§ **Work order**:
Extract, unchanged, each line of the listing below from its first line through the line that contains "CARD('n) = n", inclusive, and nothing else.

━━━━━ Information ━━━━━

(* Every pair of orthogonal quantum Latin squares of order $4$ is classical.
   Context: A quantum Latin square (QLS) of order $n$ is an $n\times n$ matrix $\Psi=(\psi_{ij})_{1\le i,j\le n}$ whose entries are unit vectors in $\mathbb C^n$ such that the entries of each row and the entries of each column form an orthonormal basis of $\mathbb C^n$. Two QLS $\Psi=(\psi_{ij})$ and $\Phi=(\phi_{ij})$ of order $n$ are orthogonal if $\{\psi_{ij}\otimes\phi_{ij}: 1\le i,j\le n\}$ is an orthonormal basis of $\mathbb C^n\otimes\mathbb C^n$. Fix the standard orthonormal basis $\ket{1},\dots,\ket{n}$ of $\mathbb C^n$. Two pairs of orthogonal QLS of order $n$ are isotopic if one can be obtained from the other by a sequence of the operations: (i) multiplying individual entries by phase factors; (ii) permuting the rows, and permuting the columns, simultaneously in both squares; (iii) for each square separately, applying one unitary transformation of $\mathbb C^n$ to all entries of that square. A pair is classical if it is isotopic to a pair all of whose entries lie in $\{\ket{1},\dots,\ket{n}\}$. *)

theory Defs
  imports "HOL-Analysis.Analysis"
begin

text \<open>Vectors of C^n are modelled as complex^'n, where the finite index type 'n has
  CARD('n) = n elements. Rows and columns of a square are also indexed by 'n.\<close>

definition cinner :: "complex^'n \<Rightarrow> complex^'n \<Rightarrow> complex" where
  "cinner x y = (\<Sum>i\<in>UNIV. cnj (x$i) * y$i)"

definition is_onb :: "('i \<Rightarrow> complex^'n) \<Rightarrow> 'i set \<Rightarrow> bool" where
  "is_onb f I \<longleftrightarrow>
     (\<forall>a\<in>I. \<forall>b\<in>I. cinner (f a) (f b) = (if a = b then 1 else 0)) \<and>
     (\<forall>v::complex^'n. \<exists>c. v = (\<Sum>a\<in>I. c a *s f a))"

type_synonym 'n qsquare = "'n \<Rightarrow> 'n \<Rightarrow> complex^'n"

definition QLS :: "'n::finite qsquare \<Rightarrow> bool" where
  "QLS \<Psi> \<longleftrightarrow> (\<forall>i j. cinner (\<Psi> i j) (\<Psi> i j) = 1) \<and>
     (\<forall>i. is_onb (\<lambda>j. \<Psi> i j) UNIV) \<and> (\<forall>j. is_onb (\<lambda>i. \<Psi> i j) UNIV)"

definition tensor :: "complex^'n \<Rightarrow> complex^'m \<Rightarrow> complex^('n \<times> 'm)" where
  "tensor x y = (\<chi> p. x $ fst p * y $ snd p)"

definition orthogonal_QLS :: "'n::finite qsquare \<Rightarrow> 'n qsquare \<Rightarrow> bool" where
  "orthogonal_QLS \<Psi> \<Phi> \<longleftrightarrow>
     is_onb (\<lambda>(i,j). tensor (\<Psi> i j) (\<Phi> i j)) (UNIV :: ('n \<times> 'n) set)"

definition cadj :: "complex^'n^'m \<Rightarrow> complex^'m^'n" where
  "cadj U = (\<chi> i j. cnj (U $ j $ i))"

definition unitary :: "complex^'n^'n \<Rightarrow> bool" where
  "unitary U \<longleftrightarrow> cadj U ** U = mat 1 \<and> U ** cadj U = mat 1"

inductive isotopy_step :: "'n::finite qsquare \<times> 'n qsquare \<Rightarrow> 'n qsquare \<times> 'n qsquare \<Rightarrow> bool" where
  phase: "(\<forall>i j. norm (c i j) = 1 \<and> norm (d i j) = 1) \<Longrightarrow>
     isotopy_step (\<Psi>, \<Phi>) (\<lambda>i j. c i j *s \<Psi> i j, \<lambda>i j. d i j *s \<Phi> i j)"
| permute: "bij \<sigma> \<Longrightarrow> bij \<tau> \<Longrightarrow>
     isotopy_step (\<Psi>, \<Phi>) (\<lambda>i j. \<Psi> (\<sigma> i) (\<tau> j), \<lambda>i j. \<Phi> (\<sigma> i) (\<tau> j))"
| unitary_first: "unitary U \<Longrightarrow> isotopy_step (\<Psi>, \<Phi>) (\<lambda>i j. U *v \<Psi> i j, \<Phi>)"
| unitary_second: "unitary U \<Longrightarrow> isotopy_step (\<Psi>, \<Phi>) (\<Psi>, \<lambda>i j. U *v \<Phi> i j)"

definition isotopic :: "'n::finite qsquare \<times> 'n qsquare \<Rightarrow> 'n qsquare \<times> 'n qsquare \<Rightarrow> bool" where
  "isotopic = isotopy_step\<^sup>*\<^sup>*"

text \<open>Standard basis vector |k> is axis k 1.\<close>
definition classical_pair :: "'n::finite qsquare \<Rightarrow> 'n qsquare \<Rightarrow> bool" where
  "classical_pair \<Psi> \<Phi> \<longleftrightarrow> (\<exists>A B. isotopic (\<Psi>, \<Phi>) (A, B) \<and>
     (\<forall>i j. A i j \<in> range (\<lambda>k. axis k 1) \<and> B i j \<in> range (\<lambda>k. axis k 1)))"

end

theory Submission
  imports Defs
begin

text \<open>Orthogonality of the pair says that for distinct cells the overlaps of the two
  squares there cannot both be nonzero. In order 4 this forces any two entries of one
  square to be either orthogonal or equal up to a phase: if an entry of row \<open>i\<close> overlapped
  the entries of column \<open>j\<close> in two further rows, expanding their orthogonality in row \<open>i\<close>
  yields a second such entry of row \<open>i\<close>; in the other square both column-\<open>j\<close> entries are
  then orthogonal to three entries of row \<open>i\<close> and hence parallel to the fourth, which
  contradicts their own orthogonality. Once all entries are parallel to entries of one
  fixed row, the unitary sending that row to the standard basis makes the square
  classical up to phases.\<close>

lemma sum_UNIV_eq_single:
  fixes f :: "'a::finite \<Rightarrow> 'b::comm_monoid_add"
  assumes "\<And>k. k \<noteq> m \<Longrightarrow> f k = 0"
  shows "(\<Sum>k\<in>UNIV. f k) = f m"
  using assms by (subst sum.remove[of UNIV m]) (auto intro: sum.neutral)

lemma cinner_swap: "cinner y x = cnj (cinner x y)"
  unfolding cinner_def by (simp add: mult.commute)

lemma cinner_sum_right:
  "cinner x (\<Sum>a\<in>A. c a *s f a) = (\<Sum>a\<in>A. c a * cinner x (f a))"
  unfolding cinner_def
  by (simp add: sum_component sum_distrib_left sum_distrib_right algebra_simps sum.swap[of _ A])

lemma cinner_tensor:
  "cinner (tensor x y) (tensor x' y') = cinner x x' * cinner y y'"
  unfolding cinner_def tensor_def
  by (simp add: sum_product UNIV_Times_UNIV[symmetric] sum.cartesian_product algebra_simps
      split_beta del: UNIV_Times_UNIV)

lemma is_onb_orthonormal:
  assumes "is_onb f UNIV"
  shows "cinner (f a) (f b) = (if a = b then 1 else 0)"
  using assms unfolding is_onb_def by auto

lemma is_onb_expansion:
  fixes f :: "'i::finite \<Rightarrow> complex^'n"
  assumes onb: "is_onb f UNIV"
  shows "v = (\<Sum>a\<in>UNIV. cinner (f a) v *s f a)"
proof -
  obtain c where c: "v = (\<Sum>a\<in>UNIV. c a *s f a)"
    using onb unfolding is_onb_def by blast
  have "cinner (f b) v = c b" for b
  proof -
    have "cinner (f b) v = (\<Sum>a\<in>UNIV. c a * cinner (f b) (f a))"
      by (subst c, rule cinner_sum_right)
    also have "\<dots> = c b"
      by (subst sum_UNIV_eq_single[where m = b]) (simp_all add: is_onb_orthonormal[OF onb])
    finally show ?thesis .
  qed
  then show ?thesis using c by simp
qed

lemma is_onb_cinner_expansion:
  fixes f :: "'i::finite \<Rightarrow> complex^'n"
  assumes "is_onb f UNIV"
  shows "cinner u v = (\<Sum>a\<in>UNIV. cinner u (f a) * cinner (f a) v)"
proof -
  have "cinner u v = cinner u (\<Sum>a\<in>UNIV. cinner (f a) v *s f a)"
    using is_onb_expansion[OF assms, of v] by simp
  then show ?thesis
    by (simp add: cinner_sum_right mult.commute)
qed

lemma is_onb_cinner_single:
  fixes f :: "'i::finite \<Rightarrow> complex^'n"
  assumes "is_onb f UNIV" and "\<And>a. a \<noteq> m \<Longrightarrow> cinner u (f a) * cinner (f a) v = 0"
  shows "cinner u v = cinner u (f m) * cinner (f m) v"
  using is_onb_cinner_expansion[OF assms(1), of u v] sum_UNIV_eq_single[OF assms(2)] by simp

lemma is_onb_parseval:
  fixes f :: "'i::finite \<Rightarrow> complex^'n"
  assumes "is_onb f UNIV" and "cinner v v = 1"
  shows "(\<Sum>a\<in>UNIV. (cmod (cinner (f a) v))\<^sup>2) = 1"
proof -
  have "complex_of_real (\<Sum>a\<in>UNIV. (cmod (cinner (f a) v))\<^sup>2)
      = (\<Sum>a\<in>UNIV. cinner v (f a) * cinner (f a) v)"
    by (simp add: complex_norm_square[symmetric] cinner_swap[of v] mult.commute)
  also have "\<dots> = 1"
    using is_onb_cinner_expansion[OF assms(1), of v v] assms(2) by simp
  finally show ?thesis by (metis of_real_eq_1_iff)
qed

lemma is_onb_coefficient_norm_1_iff:
  fixes f :: "'i::finite \<Rightarrow> complex^'n"
  assumes "is_onb f UNIV" and "cinner v v = 1"
  shows "cmod (cinner (f a) v) = 1 \<longleftrightarrow> (\<forall>b. b \<noteq> a \<longrightarrow> cinner (f b) v = 0)"
proof -
  have "(cmod (cinner (f a) v))\<^sup>2 + (\<Sum>b\<in>UNIV - {a}. (cmod (cinner (f b) v))\<^sup>2) = 1"
    using is_onb_parseval[OF assms] by (simp add: sum.remove)
  moreover have "(\<Sum>b\<in>UNIV - {a}. (cmod (cinner (f b) v))\<^sup>2) = 0
      \<longleftrightarrow> (\<forall>b. b \<noteq> a \<longrightarrow> cinner (f b) v = 0)"
    by (subst sum_nonneg_eq_0_iff) auto
  moreover have "(cmod (cinner (f a) v))\<^sup>2 = 1 \<longleftrightarrow> cmod (cinner (f a) v) = 1"
    using norm_ge_zero[of "cinner (f a) v"] unfolding power2_eq_1_iff by linarith
  ultimately show ?thesis by argo
qed

definition onb_matrix :: "('n::finite \<Rightarrow> complex^'m) \<Rightarrow> complex^'m^'n" where
  "onb_matrix f = (\<chi> k l. cnj (f k $ l))"

lemma onb_matrix_mult_vec: "(onb_matrix f *v v) $ k = cinner (f k) v"
  by (simp add: onb_matrix_def matrix_vector_mult_def cinner_def)

lemma unitary_onb_matrix:
  fixes f :: "'n::finite \<Rightarrow> complex^'n"
  assumes "is_onb f UNIV"
  shows "unitary (onb_matrix f)"
proof -
  have "(onb_matrix f ** cadj (onb_matrix f)) $ a $ b = cinner (f a) (f b)" for a b
    by (simp add: onb_matrix_def cadj_def matrix_matrix_mult_def cinner_def)
  then have "onb_matrix f ** cadj (onb_matrix f) = mat 1"
    by (simp add: vec_eq_iff mat_def is_onb_orthonormal[OF assms])
  then show ?thesis
    unfolding unitary_def using matrix_left_right_inverse by blast
qed

lemma onb_matrix_axis_phase:
  fixes f :: "'n::finite \<Rightarrow> complex^'n"
  assumes onb: "is_onb f UNIV" and unit: "cinner v v = 1"
    and orthogonal_or_parallel: "\<And>k. cinner (f k) v = 0 \<or> cmod (cinner (f k) v) = 1"
  obtains c k where "cmod c = 1" and "c *s (onb_matrix f *v v) = axis k 1"
proof -
  have "\<exists>k. cinner (f k) v \<noteq> 0"
  proof (rule ccontr)
    assume "\<not> ?thesis"
    then have "v = 0" using is_onb_expansion[OF onb, of v] by simp
    then show False using unit by (simp add: cinner_def)
  qed
  then obtain k where k: "cmod (cinner (f k) v) = 1" using orthogonal_or_parallel by blast
  then have others: "cinner (f l) v = 0" if "l \<noteq> k" for l
    using is_onb_coefficient_norm_1_iff[OF onb unit] that by blast
  have "cnj (cinner (f k) v) * cinner (f k) v = 1"
    using k complex_norm_square[of "cinner (f k) v"] by (simp add: mult.commute)
  then have "cnj (cinner (f k) v) *s (onb_matrix f *v v) = axis k 1"
    using others by (auto simp: vec_eq_iff axis_def onb_matrix_mult_vec)
  moreover have "cmod (cnj (cinner (f k) v)) = 1" using k by simp
  ultimately show ?thesis using that by blast
qed

lemma QLS_row: "QLS \<Psi> \<Longrightarrow> is_onb (\<Psi> i) UNIV"
  unfolding QLS_def by (simp add: eta_contract_eq)

lemma QLS_col: "QLS \<Psi> \<Longrightarrow> is_onb (\<lambda>i. \<Psi> i j) UNIV"
  unfolding QLS_def by blast

lemma QLS_norm: "QLS \<Psi> \<Longrightarrow> cinner (\<Psi> i j) (\<Psi> i j) = 1"
  unfolding QLS_def by blast

lemma QLS_row_orthogonal: "QLS \<Psi> \<Longrightarrow> j \<noteq> j' \<Longrightarrow> cinner (\<Psi> i j) (\<Psi> i j') = 0"
  using is_onb_orthonormal[OF QLS_row[of \<Psi> i], of j j'] by simp

lemma QLS_col_orthogonal: "QLS \<Psi> \<Longrightarrow> i \<noteq> i' \<Longrightarrow> cinner (\<Psi> i j) (\<Psi> i' j) = 0"
  using is_onb_orthonormal[OF QLS_col[of \<Psi> j], of i i'] by simp

lemma QLS_orthogonal_or_parallel_to_axes:
  fixes \<Psi> :: "'n::finite qsquare"
  assumes Q: "QLS \<Psi>"
    and orthogonal_or_parallel: "\<And>i k r j. cinner (\<Psi> i k) (\<Psi> r j) = 0 \<or> cmod (cinner (\<Psi> i k) (\<Psi> r j)) = 1"
  shows "\<exists>U c. unitary U \<and> (\<forall>i j. cmod (c i j) = 1) \<and>
    (\<forall>i j. c i j *s (U *v \<Psi> i j) \<in> range (\<lambda>k. axis k 1))"
proof -
  fix i0 :: 'n
  have "\<forall>i j. \<exists>c. cmod c = 1 \<and> c *s (onb_matrix (\<Psi> i0) *v \<Psi> i j) \<in> range (\<lambda>k. axis k 1)"
    by (metis onb_matrix_axis_phase[OF QLS_row[OF Q] QLS_norm[OF Q] orthogonal_or_parallel] rangeI)
  then obtain c where "\<forall>i j. cmod (c i j) = 1 \<and>
      c i j *s (onb_matrix (\<Psi> i0) *v \<Psi> i j) \<in> range (\<lambda>k. axis k 1)"
    by metis
  then show ?thesis using unitary_onb_matrix[OF QLS_row[OF Q]] by blast
qed

lemma isotopic_unitary_phase:
  assumes "unitary U" and "unitary V" and "\<forall>i j. cmod (c i j) = 1 \<and> cmod (d i j) = 1"
  shows "isotopic (\<Psi>, \<Phi>) (\<lambda>i j. c i j *s (U *v \<Psi> i j), \<lambda>i j. d i j *s (V *v \<Phi> i j))"
proof -
  have "isotopy_step (\<Psi>, \<Phi>) (\<lambda>i j. U *v \<Psi> i j, \<Phi>)"
    by (rule isotopy_step.unitary_first[OF assms(1)])
  moreover have "isotopy_step (\<lambda>i j. U *v \<Psi> i j, \<Phi>) (\<lambda>i j. U *v \<Psi> i j, \<lambda>i j. V *v \<Phi> i j)"
    by (rule isotopy_step.unitary_second[OF assms(2)])
  moreover have "isotopy_step (\<lambda>i j. U *v \<Psi> i j, \<lambda>i j. V *v \<Phi> i j)
      (\<lambda>i j. c i j *s (U *v \<Psi> i j), \<lambda>i j. d i j *s (V *v \<Phi> i j))"
    using isotopy_step.phase[of c d] assms(3) by simp
  ultimately show ?thesis
    unfolding isotopic_def by (meson r_into_rtranclp rtranclp_trans)
qed

lemma orthogonal_QLS_overlap_product:
  assumes "orthogonal_QLS \<Psi> \<Phi>" and "(i, j) \<noteq> (i', j')"
  shows "cinner (\<Psi> i j) (\<Psi> i' j') * cinner (\<Phi> i j) (\<Phi> i' j') = 0"
  using is_onb_orthonormal[OF assms(1)[unfolded orthogonal_QLS_def], of "(i, j)" "(i', j')"] assms(2)
  by (simp add: cinner_tensor)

━━━━━

§ **Answer space**:
(* Every pair of orthogonal quantum Latin squares of order $4$ is classical.
   Context: A quantum Latin square (QLS) of order $n$ is an $n\times n$ matrix $\Psi=(\psi_{ij})_{1\le i,j\le n}$ whose entries are unit vectors in $\mathbb C^n$ such that the entries of each row and the entries of each column form an orthonormal basis of $\mathbb C^n$. Two QLS $\Psi=(\psi_{ij})$ and $\Phi=(\phi_{ij})$ of order $n$ are orthogonal if $\{\psi_{ij}\otimes\phi_{ij}: 1\le i,j\le n\}$ is an orthonormal basis of $\mathbb C^n\otimes\mathbb C^n$. Fix the standard orthonormal basis $\ket{1},\dots,\ket{n}$ of $\mathbb C^n$. Two pairs of orthogonal QLS of order $n$ are isotopic if one can be obtained from the other by a sequence of the operations: (i) multiplying individual entries by phase factors; (ii) permuting the rows, and permuting the columns, simultaneously in both squares; (iii) for each square separately, applying one unitary transformation of $\mathbb C^n$ to all entries of that square. A pair is classical if it is isotopic to a pair all of whose entries lie in $\{\ket{1},\dots,\ket{n}\}$. *)

theory Defs
  imports "HOL-Analysis.Analysis"
begin

text \<open>Vectors of C^n are modelled as complex^'n, where the finite index type 'n has
  CARD('n) = n elements. Rows and columns of a square are also indexed by 'n.\<close>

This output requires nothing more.